Nathan slips the bundles in his inside pocket. "No one came by for this?"
"Now you know I couldn't do that."
"Of course you couldn't." They exchange a smile.
Harry leans forward over his sandwich. "And I didn't," he adds.
Nathan slips on his watch. "So if my father didn't come down, who sprang me?"
The property man shrugs. "Someone from your office. Very good-looking. You have a new secretary? She said your people called your accountant."
"My accountant?" He has never had a need.
"She brought down your tax returns. Isn't that all they wanted?
Nathan holds his breath. He hasn't filed a return in three or four years.
"What did she look like?"
"Chinese, or Japanese, or something. Great legs."
Nathan squints at the ceiling. "One of Chang's?" he considers.
"Whose?"
Nathan waves his hand. "No, never mind." He bends and snakes his shoelaces through their eyelets and crosses them and ties them. "Okay," he tells himself. He brings up twelve messages on his beeper, Serena, Serena, Amparo. What was Regina Nunez saying about her? Errol Santos. And now Chang. He erases them all. "Okay."
Harry says, "No need to hurry away."
Nathan eyes the wire cage. "I'd better go."

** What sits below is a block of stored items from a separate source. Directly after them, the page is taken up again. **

lemma corner_poly_relation:
  assumes inv: "is_kast_inverse n a Kinv" and k: "k \<le> n"
  defines "\<alpha> \<equiv> complex_of_real a * \<i>"
  shows "[:\<alpha>, 1:] ^ n * corner_poly n Kinv t 0 k - [:-1, -\<alpha>:] ^ n * corner_poly n Kinv t n k =
    monom 1 k * geom_sum2 [:-t, -t * \<alpha>:] [:\<alpha>, 1:] n"
proof (rule poly_ext)
  fix u
  define p where "p = - (1 + \<alpha> * u)"
  define q where "q = u + \<alpha>"
  note kernel = kernel_relation[OF inv k _ \<alpha>_def[THEN meta_eq_to_obj_eq] p_def q_def]
  have "q ^ n * poly (corner_poly n Kinv t 0 k) u - p ^ n * poly (corner_poly n Kinv t n k) u =
      (\<Sum>l<n. t ^ l * (q ^ n * (\<Sum>i<n. Kinv (wvert i 0) (bvert k l) * u ^ i)
        - p ^ n * (\<Sum>i<n. Kinv (wvert i n) (bvert k l) * u ^ i)))"
    unfolding poly_corner_poly by (simp add: sum_distrib_left sum_subtractf algebra_simps)
  also have "\<dots> = (\<Sum>l<n. t ^ l * (u ^ k * p ^ l * q ^ (n - 1 - l)))"
    by (rule sum.cong[OF refl]) (simp add: kernel)
  also have "\<dots> = u ^ k * geom_sum2 (t * p) q n"
    by (simp add: geom_sum2_def sum_distrib_left power_mult_distrib mult_ac)
  finally show "poly ([:\<alpha>, 1:] ^ n * corner_poly n Kinv t 0 k - [:-1, -\<alpha>:] ^ n * corner_poly n Kinv t n k) u =
      poly (monom 1 k * geom_sum2 [:-t, -t * \<alpha>:] [:\<alpha>, 1:] n) u"
    by (simp add: poly_geom_sum2 poly_monom p_def q_def algebra_simps)
qed

section \<open>Solving for the corner polynomials\<close>

lemma pow_mult_eq_pow_mult_imp_zero:
  fixes p q D E :: "'a::idom poly"
  assumes eq: "q ^ n * D = p ^ n * E" and p: "poly p r = 0" and q: "poly q r \<noteq> 0"
    and deg: "degree D < n"
  shows "D = 0"
proof (rule ccontr)
  assume "D \<noteq> 0"
  moreover have "q \<noteq> 0" using q by auto
  ultimately have nz: "q ^ n * D \<noteq> 0" by simp
  have "[:-r, 1:] ^ n dvd q ^ n * D"
    unfolding eq using p by (simp add: dvd_iff_poly_eq_0 dvd_power_same)
  with nz have "n \<le> order r (q ^ n * D)"
    by (simp only: order_divides) simp
  also have "order r (q ^ n * D) = order r D"
    using nz q by (simp add: order_mult order_0I)
  also have "\<dots> \<le> degree D"
    using \<open>D \<noteq> 0\<close> by (rule order_degree)
  finally show False using deg by simp
qed

lemma pow_decomposition_unique:
  fixes p q A B A' B' :: "'a::idom poly"
  assumes eq: "q ^ n * A - p ^ n * B = q ^ n * A' - p ^ n * B'"
    and p: "poly p r = 0" "p \<noteq> 0" and q: "poly q r \<noteq> 0"
    and deg: "degree A < n" "degree A' < n"
  shows "A = A' \<and> B = B'"
proof -
  from eq have diff: "q ^ n * (A - A') = p ^ n * (B - B')"
    by (simp add: algebra_simps)
  moreover have "degree (A - A') < n"
    using deg degree_diff_le_max[of A A'] by simp
  ultimately have "A - A' = 0"
    using p q by (intro pow_mult_eq_pow_mult_imp_zero)
  with diff p show ?thesis by simp
qed

lemma geom_sum2_combination:
  fixes D p q s t \<gamma> \<delta> Z :: "'a::comm_ring_1"
  assumes D: "D = q - t * p" and \<gamma>: "D * \<gamma> = s - Z * p" and \<delta>: "D * \<delta> = s * t - Z * q"
  shows "D * (q ^ n * (\<gamma> * geom_sum2 (Z * p) s n) - p ^ n * (\<delta> * geom_sum2 (Z * q) (s * t) n)) =
    D * (s ^ n * geom_sum2 (t * p) q n)"
proof -
  have "D * (q ^ n * (\<gamma> * geom_sum2 (Z * p) s n) - p ^ n * (\<delta> * geom_sum2 (Z * q) (s * t) n)) =
      q ^ n * ((s - Z * p) * geom_sum2 (Z * p) s n) - p ^ n * ((s * t - Z * q) * geom_sum2 (Z * q) (s * t) n)"
    by (simp flip: \<gamma> \<delta> add: algebra_simps)
  also have "\<dots> = s ^ n * (q ^ n - (t * p) ^ n)"
    unfolding diff_mult_geom_sum2 by (simp add: algebra_simps)
  also have "\<dots> = s ^ n * ((q - t * p) * geom_sum2 (t * p) q n)"
    by (simp only: diff_mult_geom_sum2)
  also have "\<dots> = D * (s ^ n * geom_sum2 (t * p) q n)"
    by (simp add: D mult_ac)
  finally show ?thesis .
qed

lemma imag_mult_self_neq_one: "complex_of_real a * \<i> * (complex_of_real a * \<i>) \<noteq> 1"
proof -
  have "complex_of_real a * \<i> * (complex_of_real a * \<i>) = complex_of_real (- (a * a))"
    by (simp add: algebra_simps)
  moreover have "- (a * a) \<noteq> 1"
    by (smt (verit) zero_le_square)
  ultimately show ?thesis
    by (metis of_real_1 of_real_eq_iff)
qed

lemma corner_polys_eq:
  assumes inv: "is_kast_inverse n a Kinv" and "n \<ge> 1" "a \<noteq> 0" and k: "k \<le> n"
    and \<alpha>: "\<alpha> = complex_of_real a * \<i>"
    and s: "s ^ n = monom 1 k" "degree s \<le> 1"
    and \<gamma>: "[:\<alpha> + t, 1 + \<alpha> * t:] * [:\<gamma>:] = s - [:Z:] * [:-1, -\<alpha>:]"
    and \<delta>: "[:\<alpha> + t, 1 + \<alpha> * t:] * [:\<delta>:] = s * [:t:] - [:Z:] * [:\<alpha>, 1:]"
  shows "corner_poly n Kinv t 0 k = smult \<gamma> (geom_sum2 (smult Z [:-1, -\<alpha>:]) s n)
    \<and> corner_poly n Kinv t n k = smult \<delta> (geom_sum2 (smult Z [:\<alpha>, 1:]) (s * [:t:]) n)"
proof -
  define p where "p = [:-1, -\<alpha>:]"
  define q where "q = [:\<alpha>, 1:]"
  define D where "D = [:\<alpha> + t, 1 + \<alpha> * t:]"
  have \<alpha>0: "\<alpha> \<noteq> 0"
    using \<open>a \<noteq> 0\<close> by (simp add: \<alpha>)
  have \<alpha>1: "\<alpha> * \<alpha> \<noteq> 1"
    using imag_mult_self_neq_one[of a] by (simp add: \<alpha>)
  have "D \<noteq> 0"
  proof
    assume "D = 0"
    then have "t = - \<alpha>" "1 + \<alpha> * t = 0"
      by (auto simp: D_def add_eq_0_iff)
    with \<alpha>1 show False by simp
  qed
  have "D = q - [:t:] * p"
    by (simp add: D_def p_def q_def)
  from geom_sum2_combination[OF this \<gamma>[folded D_def p_def] \<delta>[folded D_def q_def], of n] \<open>D \<noteq> 0\<close>
  have "q ^ n * smult \<gamma> (geom_sum2 (smult Z p) s n) - p ^ n * smult \<delta> (geom_sum2 (smult Z q) (s * [:t:]) n)
      = monom 1 k * geom_sum2 [:-t, -t * \<alpha>:] q n"
    by (simp add: s p_def mult_ac)
  also have "\<dots> = q ^ n * corner_poly n Kinv t 0 k - p ^ n * corner_poly n Kinv t n k"
    using corner_poly_relation[OF inv k] by (simp add: \<alpha> p_def q_def)
  finally have "q ^ n * corner_poly n Kinv t 0 k - p ^ n * corner_poly n Kinv t n k =
      q ^ n * smult \<gamma> (geom_sum2 (smult Z p) s n) - p ^ n * smult \<delta> (geom_sum2 (smult Z q) (s * [:t:]) n)" ..
  moreover have "poly p (- 1 / \<alpha>) = 0" "p \<noteq> 0" "poly q (- 1 / \<alpha>) \<noteq> 0"
    using \<alpha>0 \<alpha>1 by (auto simp: p_def q_def field_simps)
  moreover have "degree (corner_poly n Kinv t 0 k) < n"
    using degree_corner_poly[of n Kinv t 0 k] \<open>n \<ge> 1\<close> by simp
  moreover have "degree (smult \<gamma> (geom_sum2 (smult Z p) s n)) \<le> n - 1"
    using s(2) by (intro order.trans[OF degree_smult_le] degree_geom_sum2)
      (simp_all add: p_def degree_pCons_le)
  then have "degree (smult \<gamma> (geom_sum2 (smult Z p) s n)) < n"
    using \<open>n \<ge> 1\<close> by simp
  ultimately show ?thesis
    unfolding p_def q_def by (rule pow_decomposition_unique)
qed

lemma poly_corner_polys_0:
  assumes inv: "is_kast_inverse n a Kinv" and "n \<ge> 1" "a \<noteq> 0"
  defines "\<alpha> \<equiv> complex_of_real a * \<i>"
  shows "poly (corner_poly n Kinv t 0 0) u =
      - \<alpha> / (1 - \<alpha> * \<alpha>) * geom_sum2 ((1 + \<alpha> * t) * (1 + \<alpha> * u) / (1 - \<alpha> * \<alpha>)) 1 n"
    and "poly (corner_poly n Kinv t n 0) u =
      1 / (1 - \<alpha> * \<alpha>) * geom_sum2 (- (1 + \<alpha> * t) * (u + \<alpha>) / (1 - \<alpha> * \<alpha>)) t n"
proof -
  have "1 - \<alpha> * \<alpha> \<noteq> 0"
    using imag_mult_self_neq_one[of a] by (simp add: \<alpha>_def)
  then have c: "inverse (1 - \<alpha> * \<alpha>) * (1 - \<alpha> * \<alpha>) = 1" by simp
  have s: "1 ^ n = monom 1 0" "degree (1 :: complex poly) \<le> 1"
    by simp_all
  have "[:\<alpha> + t, 1 + \<alpha> * t:] * [:- \<alpha> / (1 - \<alpha> * \<alpha>):] =
      1 - [:- (1 + \<alpha> * t) / (1 - \<alpha> * \<alpha>):] * [:- 1, - \<alpha>:]"
    "[:\<alpha> + t, 1 + \<alpha> * t:] * [:1 / (1 - \<alpha> * \<alpha>):] =
      1 * [:t:] - [:- (1 + \<alpha> * t) / (1 - \<alpha> * \<alpha>):] * [:\<alpha>, 1:]"
    by (rule poly_ext, use c in \<open>simp add: divide_inverse; algebra\<close>)+
  from corner_polys_eq[OF inv assms(2,3) le0 \<alpha>_def[THEN meta_eq_to_obj_eq] s this]
  show "poly (corner_poly n Kinv t 0 0) u =
      - \<alpha> / (1 - \<alpha> * \<alpha>) * geom_sum2 ((1 + \<alpha> * t) * (1 + \<alpha> * u) / (1 - \<alpha> * \<alpha>)) 1 n"
    and "poly (corner_poly n Kinv t n 0) u =
      1 / (1 - \<alpha> * \<alpha>) * geom_sum2 (- (1 + \<alpha> * t) * (u + \<alpha>) / (1 - \<alpha> * \<alpha>)) t n"
    by (simp_all add: poly_geom_sum2 algebra_simps flip: add_divide_distrib diff_divide_distrib)
qed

As he gets to the door Harry calls out. "You watch yourself, now. You know what I'm saying."
In continuous guerrilla assaults the rain and snow combine forces. The wind juggles it all back in a swirling stew of grit and road grease. Overhead the sky is the color of bruise, a vertical massing of purple and blue eddies. The storm that came all at once yesterday afternoon and just as quickly seemed to pull apart must be traveling in a circle: the real onslaught is upon us.